We will use the GeneAtlas dataset, which is a collection of expression data for 72 samples from different human normal tissues, plus 7 malignant tissues, from Su et al 2004 and we will test if genes expressed in different tissues are enriched by genes with particular Transcription Factor Biding Sites (TFBS) in their promoters.
Gene Atlas expression in Entrez IDS which contains median-centered log-intensity values divided by standard deviation for 79 tissues.
Gene Atlas sample annotations which contains the annotation of samples.
MSigDB TFBS, which are the Transcription Factor Targets modules downloaded from MSigDB C3 in Entrez IDs. They are gene sets that contain genes that share a transcription factor binding site defined in the TRANSFAC (version 7.4, https://www.gene-regulation.com/ ) database. They can be directly downloaded from their web page here too, but it requires a free registration.
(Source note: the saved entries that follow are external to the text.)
(* Let $K$ be a valued field and $d\ge 1$. Then the VC-dimension of $\operatorname{Conv}_{K^d}$ is exactly $d+1$: some subset of $K^d$ of size $d+1$ is shattered by $\operatorname{Conv}_{K^d}$, and no subset of size $d+2$ is.
   Context: $K$ is a field with valuation $\nu$ and valuation ring $\mathcal{O}=\{x:\nu(x)\ge0\}$. A set $X\subseteq K^d$ is convex if it is closed under combinations $\sum_{i=1}^n\alpha_ix_i$ with $x_i\in X$, $\alpha_i\in\mathcal{O}$, $\sum\alpha_i=1$; $\operatorname{Conv}_{K^d}$ is the family of all convex subsets of $K^d$. A family $\mathcal{F}\subseteq\mathcal{P}(X)$ shatters $Y\subseteq X$ if $\{S\cap Y:S\in\mathcal{F}\}=\mathcal{P}(Y)$; the VC-dimension of $\mathcal{F}$ is the largest $k$ such that $\mathcal{F}$ shatters some $k$-element set (or $\infty$). *)

theory Defs
  imports Main "HOL-Library.Extended_Nat"
begin

text \<open>A (Krull) valuation on a field 'a with value group 'g. The value of 0 is
  the formal symbol infinity; we encode this by only constraining v on nonzero
  elements (v 0 is irrelevant and never used).\<close>
definition valuation :: "('a::field \<Rightarrow> 'g::linordered_ab_group_add) \<Rightarrow> bool" where
  "valuation v \<longleftrightarrow>
     (\<forall>x y. x \<noteq> 0 \<longrightarrow> y \<noteq> 0 \<longrightarrow> v (x * y) = v x + v y) \<and>
     (\<forall>x y. x \<noteq> 0 \<longrightarrow> y \<noteq> 0 \<longrightarrow> x + y \<noteq> 0 \<longrightarrow> min (v x) (v y) \<le> v (x + y))"

text \<open>Valuation ring O = {x. nu x >= 0} (0 has value infinity, so 0 is in O).\<close>
definition val_ring :: "('a::field \<Rightarrow> 'g::linordered_ab_group_add) \<Rightarrow> 'a set" where
  "val_ring v = {x. x = 0 \<or> 0 \<le> v x}"

text \<open>Points of K^d are functions from a finite index type 'n with CARD('n) = d.\<close>
definition val_convex :: "('a::field \<Rightarrow> 'g::linordered_ab_group_add) \<Rightarrow> ('n \<Rightarrow> 'a) set \<Rightarrow> bool" where
  "val_convex v X \<longleftrightarrow>
     (\<forall>(n::nat) (x::nat \<Rightarrow> 'n \<Rightarrow> 'a) (\<alpha>::nat \<Rightarrow> 'a).
        (\<forall>i<n. x i \<in> X \<and> \<alpha> i \<in> val_ring v) \<and> (\<Sum>i<n. \<alpha> i) = 1 \<longrightarrow>
        (\<lambda>j. \<Sum>i<n. \<alpha> i * x i j) \<in> X)"

definition Conv :: "('a::field \<Rightarrow> 'g::linordered_ab_group_add) \<Rightarrow> ('n \<Rightarrow> 'a) set set" where
  "Conv v = {X. val_convex v X}"

definition shatters :: "'b set set \<Rightarrow> 'b set \<Rightarrow> bool" where
  "shatters F Y \<longleftrightarrow> {S \<inter> Y | S. S \<in> F} = Pow Y"

definition vc_dim :: "'b set set \<Rightarrow> enat" where
  "vc_dim F = Sup {enat (card Y) | Y. finite Y \<and> shatters F Y}"

end

theory Submission
  imports Defs "HOL-Analysis.Cartesian_Space"
begin

(* The d + 1 vertices 0, e_1, ..., e_d of the standard simplex are shattered: every subset of
   them is cut out by some coordinate hyperplanes x_k = 0 and possibly the hyperplane
   x_1 + ... + x_d = 1, and solution sets of linear equations are convex over any valued field.
   Conversely, any d + 2 points y satisfy a nontrivial affine relation with coefficients l_y
   summing to 0. Dividing by a coefficient l_y0 of least valuation writes y0 as a combination
   of the other points with coefficients in the valuation ring, so no convex set contains the
   other points without containing y0. *)

lemma val_mult:
  assumes "valuation v" "x \<noteq> 0" "y \<noteq> 0"
  shows "v (x * y) = v x + v y"
  using assms unfolding valuation_def by blast

lemma val_one: "valuation v \<Longrightarrow> v 1 = 0"
  using val_mult[of v 1 1] by simp

lemma val_uminus:
  assumes val: "valuation v" and "x \<noteq> 0"
  shows "v (- x) = v x"
proof -
  have "v (- 1) + v (- 1) = 0"
    using val_mult[OF val, of "- 1" "- 1"] val_one[OF val] by simp
  then have "v (- 1) = 0" by simp
  then show ?thesis
    using val_mult[OF val, of "- 1" x] \<open>x \<noteq> 0\<close> by simp
qed

lemma val_divide:
  assumes val: "valuation v" and "x \<noteq> 0" "y \<noteq> 0"
  shows "v (x / y) = v x - v y"
  using val_mult[OF val, of "x / y" y] assms by (simp add: eq_diff_eq)

lemma uminus_in_val_ring: "valuation v \<Longrightarrow> x \<in> val_ring v \<Longrightarrow> - x \<in> val_ring v"
  by (cases "x = 0") (auto simp: val_ring_def val_uminus)

lemma divide_in_val_ring:
  assumes "valuation v" "y \<noteq> 0" "x \<noteq> 0 \<Longrightarrow> v y \<le> v x"
  shows "x / y \<in> val_ring v"
  using assms by (cases "x = 0") (auto simp: val_ring_def val_divide)

lemma val_convexD:
  fixes n :: nat
  assumes "val_convex v X" "\<forall>i<n. x i \<in> X \<and> \<alpha> i \<in> val_ring v" "sum \<alpha> {..<n} = 1"
  shows "(\<lambda>j. \<Sum>i<n. \<alpha> i * x i j) \<in> X"
  using assms unfolding val_convex_def by auto

lemma val_convex_sum:
  assumes S: "val_convex v S" and Z: "finite Z" "Z \<subseteq> S"
    and \<mu>: "\<And>y. y \<in> Z \<Longrightarrow> \<mu> y \<in> val_ring v" "sum \<mu> Z = 1"
  shows "(\<lambda>j. \<Sum>y\<in>Z. \<mu> y * y j) \<in> S"
proof -
  obtain h where h: "bij_betw h {..<card Z} Z"
    using ex_bij_betw_nat_finite[OF Z(1)] by (auto simp: lessThan_atLeast0)
  have reindex: "(\<Sum>i<card Z. f (h i)) = (\<Sum>y\<in>Z. f y)" for f :: "_ \<Rightarrow> 'a"
    using sum.reindex_bij_betw[OF h] .
  have "\<forall>i<card Z. h i \<in> S \<and> \<mu> (h i) \<in> val_ring v"
    using h Z(2) \<mu>(1) by (auto dest: bij_betwE)
  moreover have "(\<Sum>i<card Z. \<mu> (h i)) = 1"
    using reindex \<mu>(2) by simp
  ultimately have "(\<lambda>j. \<Sum>i<card Z. \<mu> (h i) * h i j) \<in> S"
    by (rule val_convexD[OF S])
  moreover have "(\<Sum>i<card Z. \<mu> (h i) * h i j) = (\<Sum>y\<in>Z. \<mu> y * y j)" for j
    by (rule reindex)
  ultimately show ?thesis by simp
qed

lemma val_convex_UNIV: "val_convex v UNIV"
  unfolding val_convex_def by simp

lemma val_convex_Int: "val_convex v S \<Longrightarrow> val_convex v T \<Longrightarrow> val_convex v (S \<inter> T)"
  unfolding val_convex_def by simp

lemma val_convex_INT: "(\<And>k. k \<in> K \<Longrightarrow> val_convex v (S k)) \<Longrightarrow> val_convex v (\<Inter>k\<in>K. S k)"
  unfolding val_convex_def by (simp add: val_convexD)

lemma val_convex_linear_equation:
  fixes v :: "'a::field \<Rightarrow> 'g::linordered_ab_group_add" and c :: "'n \<Rightarrow> 'a"
  shows "val_convex v {x. (\<Sum>j\<in>J. c j * x j) = b}"
  unfolding val_convex_def
proof (intro allI impI)
  fix n :: nat and x :: "nat \<Rightarrow> 'n \<Rightarrow> 'a" and \<alpha> :: "nat \<Rightarrow> 'a"
  assume comb: "(\<forall>i<n. x i \<in> {x. (\<Sum>j\<in>J. c j * x j) = b} \<and> \<alpha> i \<in> val_ring v) \<and> sum \<alpha> {..<n} = 1"
  have "(\<Sum>j\<in>J. c j * (\<Sum>i<n. \<alpha> i * x i j)) = (\<Sum>i<n. \<alpha> i * (\<Sum>j\<in>J. c j * x i j))"
    by (simp add: sum_distrib_left mult.left_commute sum.swap[of _ J])
  also have "\<dots> = (\<Sum>i<n. \<alpha> i * b)"
    using comb by simp
  also have "\<dots> = b"
    using comb by (simp add: sum_distrib_right[symmetric])
  finally show "(\<lambda>j. \<Sum>i<n. \<alpha> i * x i j) \<in> {x. (\<Sum>j\<in>J. c j * x j) = b}" by simp
qed

definition simplex_vertices :: "('n \<Rightarrow> 'a::zero_neq_one) set" where
  "simplex_vertices = insert (\<lambda>_. 0) (range (\<lambda>k j. if j = k then 1 else 0))"

lemma finite_simplex_vertices: "finite (simplex_vertices :: ('n::finite \<Rightarrow> 'a::zero_neq_one) set)"
  by (simp add: simplex_vertices_def)

lemma card_simplex_vertices: "card (simplex_vertices :: ('n::finite \<Rightarrow> 'a::zero_neq_one) set) = CARD('n) + 1"
proof -
  have "inj (\<lambda>k::'n. \<lambda>j. if j = k then 1 else 0 :: 'a)"
    by (rule injI) (metis zero_neq_one)
  moreover have "(\<lambda>_. 0) \<notin> range (\<lambda>k::'n. \<lambda>j. if j = k then 1 else 0 :: 'a)"
    by (auto simp: fun_eq_iff) (metis zero_neq_one)
  ultimately show ?thesis
    by (simp add: simplex_vertices_def card_image)
qed

lemma shatters_Conv_simplex_vertices:
  fixes v :: "'a::field \<Rightarrow> 'g::linordered_ab_group_add"
  shows "shatters (Conv v) (simplex_vertices :: ('n::finite \<Rightarrow> 'a) set)"
  unfolding shatters_def
proof (intro equalityI subsetI)
  fix T assume "T \<in> {S \<inter> simplex_vertices |S. S \<in> Conv v}"
  then show "T \<in> Pow simplex_vertices" by auto
next
  fix T assume T: "T \<in> Pow (simplex_vertices :: ('n \<Rightarrow> 'a) set)"
  have coordinate: "val_convex v {x :: 'n \<Rightarrow> 'a. x k = 0}" for k
    using val_convex_linear_equation[where J = "{k}" and c = "\<lambda>_. 1" and b = 0] by simp
  have total: "val_convex v {x :: 'n \<Rightarrow> 'a. sum x UNIV = 1}"
    using val_convex_linear_equation[where J = UNIV and c = "\<lambda>_. 1" and b = 1] by simp
  define C :: "('n \<Rightarrow> 'a) set" where
    "C = (\<Inter>k\<in>{k. (\<lambda>j. if j = k then 1 else 0) \<notin> T}. {x. x k = 0})
       \<inter> (if (\<lambda>_. 0) \<in> T then UNIV else {x. sum x UNIV = 1})"
  have "C \<in> Conv v"
    unfolding C_def Conv_def
    by (auto intro!: val_convex_Int val_convex_INT coordinate total val_convex_UNIV)
  moreover have "C \<inter> simplex_vertices = T"
    using T by (auto simp: C_def simplex_vertices_def split: if_splits)
  ultimately show "T \<in> {S \<inter> simplex_vertices |S. S \<in> Conv v}" by blast
qed

lemma affine_dependence_of_card_gt:
  fixes Y :: "('n::finite \<Rightarrow> 'a::field) set"
  assumes "finite Y" and "CARD('n) + 1 < card Y"
  obtains l where "\<exists>y\<in>Y. l y \<noteq> 0" and "(\<Sum>y\<in>Y. l y) = 0" and "\<And>j. (\<Sum>y\<in>Y. l y * y j) = 0"
proof -
  (* A linear relation among the vectors (1, y) in K^(d+1) is an affine relation among the y. *)
  define lift :: "('n \<Rightarrow> 'a) \<Rightarrow> 'a ^ 'n option"
    where "lift y = (\<chi> i. case i of None \<Rightarrow> 1 | Some j \<Rightarrow> y j)" for y
  have inj: "inj_on lift Y"
    by (rule inj_onI) (metis (no_types) lift_def option.simps(5) vec_lambda_beta ext)
  have "vec.dim (UNIV :: ('a ^ 'n option) set) < card (lift ` Y)"
    using assms by (simp only: vec_dim_card card_image[OF inj] card_option)
  then have "vec.dependent (lift ` Y)"
    using vec.independent_card_le_dim[of "lift ` Y" UNIV] by (meson not_le subset_UNIV)
  then obtain u where u: "\<exists>w\<in>lift ` Y. u w \<noteq> 0" "(\<Sum>w\<in>lift ` Y. u w *s w) = 0"
    using vec.dependent_finite[of "lift ` Y"] assms(1) by auto
  have lift_relation: "(\<Sum>y\<in>Y. u (lift y) * lift y $ i) = 0" for i
  proof -
    have "(\<Sum>y\<in>Y. u (lift y) * lift y $ i) = (\<Sum>w\<in>lift ` Y. u w *s w) $ i"
      by (simp add: sum.reindex[OF inj])
    then show ?thesis using u(2) by simp
  qed
  show ?thesis
  proof
    show "\<exists>y\<in>Y. u (lift y) \<noteq> 0" using u(1) by blast
    show "(\<Sum>y\<in>Y. u (lift y)) = 0" using lift_relation[of None] by (simp add: lift_def)
    show "(\<Sum>y\<in>Y. u (lift y) * y j) = 0" for j using lift_relation[of "Some j"] by (simp add: lift_def)
  qed
qed

lemma mem_val_convex_of_affine_relation:
  fixes v :: "'a::field \<Rightarrow> 'g::linordered_ab_group_add" and Y :: "('n \<Rightarrow> 'a) set"
  assumes val: "valuation v" and S: "val_convex v S"
    and Y: "finite Y" "Y - {y0} \<subseteq> S"
    and rel: "(\<Sum>y\<in>Y. l y) = 0" "\<And>j. (\<Sum>y\<in>Y. l y * y j) = 0"
    and y0: "y0 \<in> Y" "l y0 \<noteq> 0"
    and min: "\<And>y. y \<in> Y \<Longrightarrow> l y \<noteq> 0 \<Longrightarrow> v (l y0) \<le> v (l y)"
  shows "y0 \<in> S"
proof -
  let ?Z = "Y - {y0}"
  define \<mu> where "\<mu> y = - (l y / l y0)" for y
  have "\<mu> y \<in> val_ring v" if "y \<in> ?Z" for y
    unfolding \<mu>_def using that min y0(2)
    by (intro uminus_in_val_ring[OF val] divide_in_val_ring[OF val]) auto
  moreover have "sum \<mu> ?Z = 1"
  proof -
    have "sum l ?Z = - l y0"
      using rel(1) sum.remove[OF Y(1) y0(1), of l] by (simp add: add_eq_0_iff)
    then show ?thesis
      using y0(2) by (simp add: \<mu>_def sum_negf sum_divide_distrib[symmetric])
  qed
  ultimately have "(\<lambda>j. \<Sum>y\<in>?Z. \<mu> y * y j) \<in> S"
    using Y by (intro val_convex_sum[OF S]) auto
  moreover have "(\<Sum>y\<in>?Z. \<mu> y * y j) = y0 j" for j
  proof -
    have "(\<Sum>y\<in>?Z. l y * y j) = - (l y0 * y0 j)"
      using rel(2)[of j] sum.remove[OF Y(1) y0(1), of "\<lambda>y. l y * y j"] by (simp add: add_eq_0_iff)
    then show ?thesis
      using y0(2) by (simp add: \<mu>_def sum_negf sum_divide_distrib[symmetric])
  qed
  ultimately show ?thesis by simp
qed

lemma not_shatters_Conv:
  fixes v :: "'a::field \<Rightarrow> 'g::linordered_ab_group_add" and Y :: "('n::finite \<Rightarrow> 'a) set"
  assumes val: "valuation v" and Y: "finite Y" "CARD('n) + 1 < card Y"
  shows "\<not> shatters (Conv v) Y"
proof
  assume shatters: "shatters (Conv v) Y"
  obtain l where l: "\<exists>y\<in>Y. l y \<noteq> 0" "(\<Sum>y\<in>Y. l y) = 0" "\<And>j. (\<Sum>y\<in>Y. l y * y j) = 0"
    using affine_dependence_of_card_gt[OF Y] by blast
  obtain y0 where y0: "is_arg_min (\<lambda>y. v (l y)) (\<lambda>y. y \<in> {y \<in> Y. l y \<noteq> 0}) y0"
    using ex_is_arg_min_if_finite[of "{y \<in> Y. l y \<noteq> 0}" "\<lambda>y. v (l y)"] Y(1) l(1) by auto
  have "Y - {y0} \<in> {S \<inter> Y |S. S \<in> Conv v}"
    using shatters unfolding shatters_def by blast
  then obtain S where S: "val_convex v S" "S \<inter> Y = Y - {y0}"
    by (auto simp: Conv_def)
  have "y0 \<in> S"
    using y0 S(2) by (intro mem_val_convex_of_affine_relation[OF val S(1) Y(1) _ l(2,3)])
      (auto simp: is_arg_min_linorder)
  then show False
    using y0 S(2) by (auto simp: is_arg_min_def)
qed

lemma vc_dim_eqI:
  assumes "finite Y" "shatters F Y" "\<And>Z. finite Z \<Longrightarrow> shatters F Z \<Longrightarrow> card Z \<le> card Y"
  shows "vc_dim F = enat (card Y)"
  unfolding vc_dim_def by (rule Sup_eqI) (use assms in auto)

theorem theorem4p8:
  fixes v :: "'a::field \<Rightarrow> 'g::linordered_ab_group_add"
  assumes "valuation v"
  shows "vc_dim (Conv v :: ('n::finite \<Rightarrow> 'a) set set) = enat (card (UNIV :: 'n set) + 1)
    \<and> (\<exists>Y :: ('n \<Rightarrow> 'a) set. finite Y \<and> card Y = card (UNIV :: 'n set) + 1 \<and> shatters (Conv v) Y)
    \<and> (\<forall>Y :: ('n \<Rightarrow> 'a) set. finite Y \<and> card Y = card (UNIV :: 'n set) + 2 \<longrightarrow> \<not> shatters (Conv v) Y)"
proof -
  let ?Y = "simplex_vertices :: ('n \<Rightarrow> 'a) set"
  have Y: "finite ?Y" "card ?Y = CARD('n) + 1" "shatters (Conv v) ?Y"
    by (simp_all add: finite_simplex_vertices card_simplex_vertices shatters_Conv_simplex_vertices)
  have large: "\<not> shatters (Conv v) Z" if "finite Z" "CARD('n) + 1 < card Z" for Z :: "('n \<Rightarrow> 'a) set"
    using not_shatters_Conv[OF assms that] .
  have "card Z \<le> card ?Y" if "finite Z" "shatters (Conv v) Z" for Z :: "('n \<Rightarrow> 'a) set"
    using large[OF that(1)] that(2) Y(2) by linarith
  then show ?thesis
    using vc_dim_eqI[OF Y(1,3)] Y large by auto
qed

end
See UserGuide_Enrichment for details on how to perform enrichment analysis
Select gse1133-entrez-log2-abs-reading.mediancentered.cdm.gz as data file
Do not select any filtering option
Select the TFBS file from MSigDB as module file (c3.tft.v3.0.entrez.gmt).
Select zscore statistical test. Write 100 in sampling size for a quick test of the analysis. To get a definitive result run the analysis with 10000; however, take into account that in this case the analysis will take a long time to finish. Leave estimator and multiple test correction as default.
Give a name to the analysis. Select a directory where to save it and click Finish.
If you have a memory problem, see “Memory configuration” in the Installation to increase the memory allocated to run Gitools.
In the analysis details tab, click on “heatmap” under “Results” to view the heatmap of the results.
Change the colour scale to z-score scale in the settings tab under “scale”.
Filter significance by Corrected two-tail p-value by checking the box below.
Load the file “gse1133-annotation-full.tsv” as Annotations and click Filter.
Go to “Add” under “Headers”, choose “Colored labels from annotations”. Choose “class” as label to show the type of tissue instead of the id of the sample as column name in the heatmap and uncheck the “Grid between different clusters”.
Sort the samples by class by selecting Data>Sort>Sort by label and select columns>class.
Change the width of the cells in settings to be able to see all the samples in the window and uncheck the option to show the columns grid.